Supplied data -

lemma has_real_derivative_LBINT_upper:
  fixes f :: "real \<Rightarrow> real"
  assumes f: "continuous_on {-r<..<r} f" and s: "\<bar>s\<bar> < r"
  shows "((\<lambda>u. LBINT t=ereal 0..ereal u. f t) has_real_derivative f s) (at s)"
proof -
  define e where "e = (\<bar>s\<bar> + r) / 2"
  have e: "\<bar>s\<bar> < e" "e < r" "0 \<le> e"
    using s unfolding e_def by auto
  have "continuous_on {-e..e} f"
    using e by (intro continuous_on_subset[OF f]) auto
  with e have "((\<lambda>u. LBINT t=ereal 0..ereal u. f t) has_vector_derivative f s) (at s within {-e..e})"
    by (intro interval_integral_FTC2) auto
  then have "((\<lambda>u. LBINT t=ereal 0..ereal u. f t) has_vector_derivative f s) (at s within {-e<..<e})"
    by (rule has_vector_derivative_within_subset) auto
  then have "((\<lambda>u. LBINT t=ereal 0..ereal u. f t) has_vector_derivative f s) (at s)"
    using e by (subst (asm) at_within_open) auto
  then show ?thesis
    by (simp add: has_real_derivative_iff_has_vector_derivative)
qed

definition phi_d1 :: "real \<Rightarrow> real \<Rightarrow> nat \<Rightarrow> real \<Rightarrow> real" where
  "phi_d1 b c m s = (c * s ^ (2*m) - s * phi b c m s) / (b^2 - s^2)"

definition phi_d2 :: "real \<Rightarrow> real \<Rightarrow> nat \<Rightarrow> real \<Rightarrow> real" where
  "phi_d2 b c m s = (2 * real m * c * s ^ (2*m - 1) - phi b c m s + s * phi_d1 b c m s) / (b^2 - s^2)"
(* Let $X,Y$ be compact topological spaces, $\mu\in\mathcal{P}(X)$, $\nu\in\mathcal{P}(Y)$, $c\in C(X\times Y)$. For every $u_0\in C(X)$, the sequence $u_m:=S^m(u_0)$ converges uniformly on $X$ to a fixed point $u_\infty$ of $S$.
   Context: For $u\in C(X)$ set $v[u](y)=\log\int_Xe^{-c(x,y)-u(x)}d\mu(x)$, and for $v\in C(Y)$ set $u[v](x)=\log\int_Ye^{-c(x,y)-v(y)}d\nu(y)$. $S:C(X)\to C(X)$ is $S(u)=u[v[u]]$ (an infinite-dimensional form of the Sinkhorn / iterative proportional fitting iteration). *)

theory Defs
  imports "HOL-Probability.Probability"
begin

text \<open>The Schroedinger/Sinkhorn potentials.  X and Y are modelled as the (compact)
  topological spaces underlying the types 'a and 'b; C(X) is the set of continuous
  real functions on UNIV.\<close>

definition v_of :: "('a \<times> 'b \<Rightarrow> real) \<Rightarrow> 'a measure \<Rightarrow> ('a \<Rightarrow> real) \<Rightarrow> 'b \<Rightarrow> real" where
  "v_of c \<mu> u = (\<lambda>y. ln (\<integral>x. exp (- c (x, y) - u x) \<partial>\<mu>))"

definition u_of :: "('a \<times> 'b \<Rightarrow> real) \<Rightarrow> 'b measure \<Rightarrow> ('b \<Rightarrow> real) \<Rightarrow> 'a \<Rightarrow> real" where
  "u_of c \<nu> v = (\<lambda>x. ln (\<integral>y. exp (- c (x, y) - v y) \<partial>\<nu>))"

definition sinkhorn_S :: "('a \<times> 'b \<Rightarrow> real) \<Rightarrow> 'a measure \<Rightarrow> 'b measure \<Rightarrow> ('a \<Rightarrow> real) \<Rightarrow> 'a \<Rightarrow> real" where
  "sinkhorn_S c \<mu> \<nu> u = u_of c \<nu> (v_of c \<mu> u)"

end

theory Submission
  imports Defs
begin

(* The half step u \<mapsto> v[u] contracts the oscillation seminorm: if u - u' takes values in an
   interval of length r, then v[u] - v[u'] takes values in one of length (1 - exp (-4 C)) r,
   where C bounds |c|.  Hence the increments S(u_m) - u_m have geometrically decaying
   oscillation.  By Fubini, the integral of exp (S u - u) against \<mu> is 1, so the increment
   changes sign and is bounded in sup norm by its oscillation.  The increments are therefore
   summable, u_m converges uniformly, and the limit is a fixed point because S is
   nonexpansive in the sup norm. *)

lemma ln_convex_mix_gap_le:
  fixes a k t r :: real
  assumes "a > 0" "0 < k" "k \<le> 1" "a \<le> t" "t \<le> a * exp r"
  shows "ln t - ln (k * t + (1 - k) * a) \<le> (1 - k) * r"
proof -
  define s where "s = ln (t / a)"
  have ratio: "1 \<le> t / a" "t / a \<le> exp r"
    using assms by (simp_all add: field_simps)
  have ts: "t / a = exp s" and s_nonneg: "0 \<le> s"
    using ratio by (simp_all add: s_def)
  have s_le: "s \<le> r"
    using ln_mono[OF ratio(2)] ratio(1) by (simp add: s_def)
  have mix_pos: "0 < k * (t / a) + (1 - k)"
    using ratio assms by (auto intro: add_pos_nonneg)
  have "exp (k * s) \<le> k * exp s + (1 - k)"
    using convex_onD[OF exp_convex, of k 0 s] assms by simp
  then have ks: "k * s \<le> ln (k * (t / a) + (1 - k))"
    using ts mix_pos by (subst ln_ge_iff) auto
  have "k * t + (1 - k) * a = a * (k * (t / a) + (1 - k))"
    using assms by (simp add: field_simps)
  then have "ln (k * t + (1 - k) * a) = ln (a * (k * (t / a) + (1 - k)))"
    by (rule arg_cong)
  also have "\<dots> = ln a + ln (k * (t / a) + (1 - k))"
    using assms(1) mix_pos by (rule ln_mult_pos)
  finally have "ln t - ln (k * t + (1 - k) * a) = s - ln (k * (t / a) + (1 - k))"
    using assms by (simp add: s_def ln_div)
  also have "\<dots> \<le> (1 - k) * s" using ks by (simp add: algebra_simps)
  also have "\<dots> \<le> (1 - k) * r" using s_le assms by (simp add: mult_left_mono)
  finally show ?thesis .
qed
(* Let $(a_n)_{n\in\mathbb{N}}$ be a sequence of real numbers with $a_1>a_2>\cdots>a_n>a_{n+1}>\cdots\ge 0$, and let $\alpha\ge0$ be its limit. Consider the statements: (i) $\alpha=0$; (ii) for every integer $k\ge0$ and every $\varepsilon>0$ there exists $\delta>0$ such that for all $n\in\mathbb{N}$, $a_n<\varepsilon+\delta$ implies $a_{n+k}\le\varepsilon$; (iii) for every integer $k\ge1$ and every $\varepsilon>0$ there exists $\delta>0$ such that for all $n\in\mathbb{N}$, $\frac{1}{2}(a_n+a_{n+1})<\varepsilon+\delta$ implies $a_{n+k}\le\varepsilon$; (iv) for every $\varepsilon\in(0,\infty)\setminus\{a_k : k\in\mathbb{N}\}$ there exists $\delta>0$ such that for all $m,n\in\mathbb{N}$, $a_m+a_n<\varepsilon+\delta$ implies $a_m+a_n\le\varepsilon$; (v) for every $\varepsilon>0$ there exists $\delta>0$ such that for all $m,n\in\mathbb{N}$, $a_m+a_n<\varepsilon+\delta$ implies $a_m+a_n\le\varepsilon$. Then (i), (ii), (iii), (iv) are equivalent; moreover (v) implies (i), but (i) does not imply (v).
   Context: $\mathbb{N}=\{1,2,3,\dots\}$. *)

theory Defs
  imports Complex_Main
begin

text \<open>Sequences are indexed by the positive naturals; the value at index 0 is ignored.\<close>

definition admissible_seq :: "(nat \<Rightarrow> real) \<Rightarrow> bool" where
  "admissible_seq a \<longleftrightarrow> (\<forall>n\<ge>1. a (n + 1) < a n) \<and> (\<forall>n\<ge>1. 0 \<le> a n)"

definition cond_ii :: "(nat \<Rightarrow> real) \<Rightarrow> bool" where
  "cond_ii a \<longleftrightarrow> (\<forall>(k::nat) (\<epsilon>::real). \<epsilon> > 0 \<longrightarrow>
     (\<exists>\<delta>>0. \<forall>n\<ge>1. a n < \<epsilon> + \<delta> \<longrightarrow> a (n + k) \<le> \<epsilon>))"

definition cond_iii :: "(nat \<Rightarrow> real) \<Rightarrow> bool" where
  "cond_iii a \<longleftrightarrow> (\<forall>(k::nat) (\<epsilon>::real). k \<ge> 1 \<longrightarrow> \<epsilon> > 0 \<longrightarrow>
     (\<exists>\<delta>>0. \<forall>n\<ge>1. (a n + a (n + 1)) / 2 < \<epsilon> + \<delta> \<longrightarrow> a (n + k) \<le> \<epsilon>))"

definition cond_iv :: "(nat \<Rightarrow> real) \<Rightarrow> bool" where
  "cond_iv a \<longleftrightarrow> (\<forall>\<epsilon>::real. \<epsilon> > 0 \<longrightarrow> \<epsilon> \<notin> {a k | k. k \<ge> 1} \<longrightarrow>
     (\<exists>\<delta>>0. \<forall>m\<ge>1. \<forall>n\<ge>1. a m + a n < \<epsilon> + \<delta> \<longrightarrow> a m + a n \<le> \<epsilon>))"
lemma Aop_relation:
  assumes ij: "i \<noteq> j" and jk: "j \<noteq> k" and ik: "i \<noteq> k"
  shows "jgen_comb \<beta> \<alpha> (Aop \<beta> \<alpha> i j (Aop \<beta> \<alpha> j k Y)) (Aop \<beta> \<alpha> i k (Aop \<beta> \<alpha> i j Y))
    (Aop \<beta> \<alpha> i k (Aop \<beta> \<alpha> j k Y)) (Aop \<beta> \<alpha> i k Y) Y = 0"
proof -
  define ti where "ti = (tvar i :: 'a tpoly)"
  define tj where "tj = (tvar j :: 'a tpoly)"
  define tk where "tk = (tvar k :: 'a tpoly)"
  define fi where "fi = fpoly \<beta> \<alpha> ti"
  define fj where "fj = fpoly \<beta> \<alpha> tj"
  define D1 where "D1 = divdiff j k Y"
  define AjkY where "AjkY = tj * Y + fj * D1"
  define D2 where "D2 = divdiff i j AjkY"
  define SD1 where "SD1 = tsubst j i D1"
  define D3 where "D3 = divdiff i j Y"
  define D4 where "D4 = divdiff i k Y"
  define D5 where "D5 = divdiff i k D3"
  define SD3 where "SD3 = tsubst k i D3"
  define D6 where "D6 = divdiff i k D1"
  define SD1k where "SD1k = tsubst k i D1"
  define Yji where "Yji = tsubst j i Y"
  define Yki where "Yki = tsubst k i Y"
  define Ykj where "Ykj = tsubst k j Y"
  define Z where "Z = tsubst j i (tsubst k j Y)"
  have fi: "fi = ti*ti + tconst \<beta>*ti + tconst \<alpha>" by (simp add: fi_def fpoly_def)
  have fj: "fj = tj*tj + tconst \<beta>*tj + tconst \<alpha>" by (simp add: fj_def fpoly_def)
  have sji: "tsubst j i tj = ti" "tsubst j i tk = tk" "tsubst j i fj = fi" "tsubst j i ti = ti"
    using ij jk ik by (simp_all add: tj_def ti_def tk_def fi_def fj_def tsubst_tvar tsubst_fpoly)
  have ski: "tsubst k i ti = ti" "tsubst k i tj = tj" "tsubst k i tk = ti" "tsubst k i fi = fi" "tsubst k i fj = fj"
    using ij jk ik by (simp_all add: tj_def ti_def tk_def fi_def fj_def tsubst_tvar tsubst_fpoly)
  have h1: "(tj - tk)*D1 = Ykj - Y" by (simp add: tj_def tk_def D1_def Ykj_def divdiff_char)
  have h2: "(ti - tj)*D2 = (ti*Yji + fi*SD1) - (tj*Y + fj*D1)"
    by (simp add: ti_def tj_def D2_def divdiff_char AjkY_def tsubst_add tsubst_mult sji[unfolded ti_def tj_def] Yji_def SD1_def)
  have h3: "(ti - tk)*SD1 = Z - Yji"
    using tsubst_mult_divdiff_char[of j i j k Y] ij jk ik
    by (simp add: ti_def tj_def tk_def tsubst_tvar SD1_def D1_def Z_def Yji_def)
  have h4: "(ti - tj)*D3 = Yji - Y" by (simp add: ti_def tj_def D3_def Yji_def divdiff_char)
  have h5: "(ti - tk)*D4 = Yki - Y" by (simp add: ti_def tk_def D4_def Yki_def divdiff_char)
  have h6: "(ti - tk)*D5 = SD3 - D3" by (simp add: ti_def tk_def D5_def SD3_def divdiff_char)
  have h7: "(ti - tj)*SD3 = Z - Yki"
    using tsubst_mult_divdiff_char[of k i i j Y] ij jk ik
    by (simp add: ti_def tj_def tsubst_tvar SD3_def D3_def Z_def Yki_def tsubst_tsubst_chain[OF ij jk ik])
  have h8: "(ti - tk)*D6 = SD1k - D1" by (simp add: ti_def tk_def D6_def SD1k_def divdiff_char)
  have h9: "(tj - ti)*SD1k = Ykj - Yki"
    using tsubst_mult_divdiff_char[of k i j k Y] ij jk ik
    by (simp add: ti_def tj_def tsubst_tvar SD1k_def D1_def Ykj_def Yki_def tsubst_tsubst_absorb)
  have T1: "Aop \<beta> \<alpha> i j (Aop \<beta> \<alpha> j k Y) = ti*(tj*Y + fj*D1) + fi*D2"
    by (simp add: Aop_def AjkY_def D2_def ti_def tj_def fi_def fj_def D1_def)
  have T2: "Aop \<beta> \<alpha> i k (Aop \<beta> \<alpha> i j Y) = ti*(ti*Y + fi*D3) + fi*(ti*D4 + fi*D5)"
  proof -
    have "divdiff i k (ti * Y + fi * D3) = ti*D4 + fi*D5"
      using ik by (simp add: divdiff_add divdiff_mult_fixed ski D4_def D5_def)
    then show ?thesis by (simp add: Aop_def ti_def fi_def D3_def)
  qed
  have T3: "Aop \<beta> \<alpha> i k (Aop \<beta> \<alpha> j k Y) = ti*(tj*Y + fj*D1) + fi*(tj*D4 + fj*D6)"
  proof -
    have "divdiff i k (tj * Y + fj * D1) = tj*D4 + fj*D6"
      using ik by (simp add: divdiff_add divdiff_mult_fixed ski D4_def D6_def)
    then show ?thesis by (simp add: Aop_def ti_def tj_def fi_def fj_def D1_def)
  qed
  have T4: "Aop \<beta> \<alpha> i k Y = ti*Y + fi*D4" by (simp add: Aop_def ti_def fi_def D4_def)
  have M: "(ti-tj)*((ti-tk)*((tj-tk)*((ti*(tj*Y + fj*D1) + fi*D2) - (ti*(ti*Y + fi*D3) + fi*(ti*D4 + fi*D5))
     - (ti*(tj*Y + fj*D1) + fi*(tj*D4 + fj*D6)) - tconst \<beta>*(ti*Y + fi*D4) - tconst \<alpha>*Y))) = 0"
    by (rule Aop_relation_ring_identity[OF fi fj h1 h2 h3 h4 h5 h6 h7 h8 h9])
  show ?thesis
    unfolding jgen_comb_def T1 T2 T3 T4
    using M unfolding ti_def tj_def tk_def
    by (meson ij ik jk tvar_diff_mult_eq_0D)
qed


section \<open>The functional on monomials\<close>

definition Aop_chain :: "'a::comm_ring_1 \<Rightarrow> 'a \<Rightarrow> nat \<Rightarrow> (nat \<Rightarrow> nat) \<Rightarrow> nat list \<Rightarrow> 'a tpoly \<Rightarrow> 'a tpoly" where
  "Aop_chain \<beta> \<alpha> l f ps G = List.foldr (\<lambda>p. Aop \<beta> \<alpha> l p ^^ f p) ps G"

lemma Aop_chain_Nil [simp]: "Aop_chain \<beta> \<alpha> l f [] G = G"
  by (simp add: Aop_chain_def)

lemma Aop_chain_Cons [simp]:
  "Aop_chain \<beta> \<alpha> l f (p # ps) G = (Aop \<beta> \<alpha> l p ^^ f p) (Aop_chain \<beta> \<alpha> l f ps G)"
  by (simp add: Aop_chain_def)

lemma funpow_Aop_diff:
  "a \<noteq> b \<Longrightarrow> (Aop \<beta> \<alpha> a b ^^ k) (X - Y) = (Aop \<beta> \<alpha> a b ^^ k) X - (Aop \<beta> \<alpha> a b ^^ k) Y"
  by (induction k) (simp_all add: Aop_diff)

lemma funpow_Aop_tconst:
  "a \<noteq> b \<Longrightarrow> (Aop \<beta> \<alpha> a b ^^ k) (tconst c * X) = tconst c * (Aop \<beta> \<alpha> a b ^^ k) X"
  by (induction k) (simp_all add: Aop_tconst)

lemma funpow_Aop_commute:
  assumes "a \<noteq> b" "c \<noteq> d" "a \<noteq> d" "c \<noteq> b"
  shows "Aop \<beta> \<alpha> a b ((Aop \<beta> \<alpha> c d ^^ k) G) = (Aop \<beta> \<alpha> c d ^^ k) (Aop \<beta> \<alpha> a b G)"
  by (induction k) (simp_all add: Aop_commute[OF assms])

lemma Aop_chain_diff:
  "l \<notin> set ps \<Longrightarrow> Aop_chain \<beta> \<alpha> l f ps (X - Y) = Aop_chain \<beta> \<alpha> l f ps X - Aop_chain \<beta> \<alpha> l f ps Y"
  by (induction ps) (auto simp: funpow_Aop_diff)

lemma Aop_chain_tconst:
  "l \<notin> set ps \<Longrightarrow> Aop_chain \<beta> \<alpha> l f ps (tconst c * X) = tconst c * Aop_chain \<beta> \<alpha> l f ps X"
  by (induction ps) (auto simp: funpow_Aop_tconst)

lemma Aop_Aop_chain_commute:
  assumes "a \<noteq> b" "l \<notin> set ps" "a \<notin> set ps" "l \<noteq> b"
  shows "Aop \<beta> \<alpha> a b (Aop_chain \<beta> \<alpha> l f ps G) = Aop_chain \<beta> \<alpha> l f ps (Aop \<beta> \<alpha> a b G)"
  using assms by (induction ps) (auto simp: funpow_Aop_commute)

What needs to be done - Extract, please, the lines from the start of the entries above through the one with "using e by (intro", both included, reproducing each exactly and adding nothing.

Answer -
lemma has_real_derivative_LBINT_upper:
  fixes f :: "real \<Rightarrow> real"
  assumes f: "continuous_on {-r<..<r} f" and s: "\<bar>s\<bar> < r"
  shows "((\<lambda>u. LBINT t=ereal 0..ereal u. f t) has_real_derivative f s) (at s)"
proof -
  define e where "e = (\<bar>s\<bar> + r) / 2"
  have e: "\<bar>s\<bar> < e" "e < r" "0 \<le> e"
    using s unfolding e_def by auto
  have "continuous_on {-e..e} f"
    using e by (intro continuous_on_subset[OF f]) auto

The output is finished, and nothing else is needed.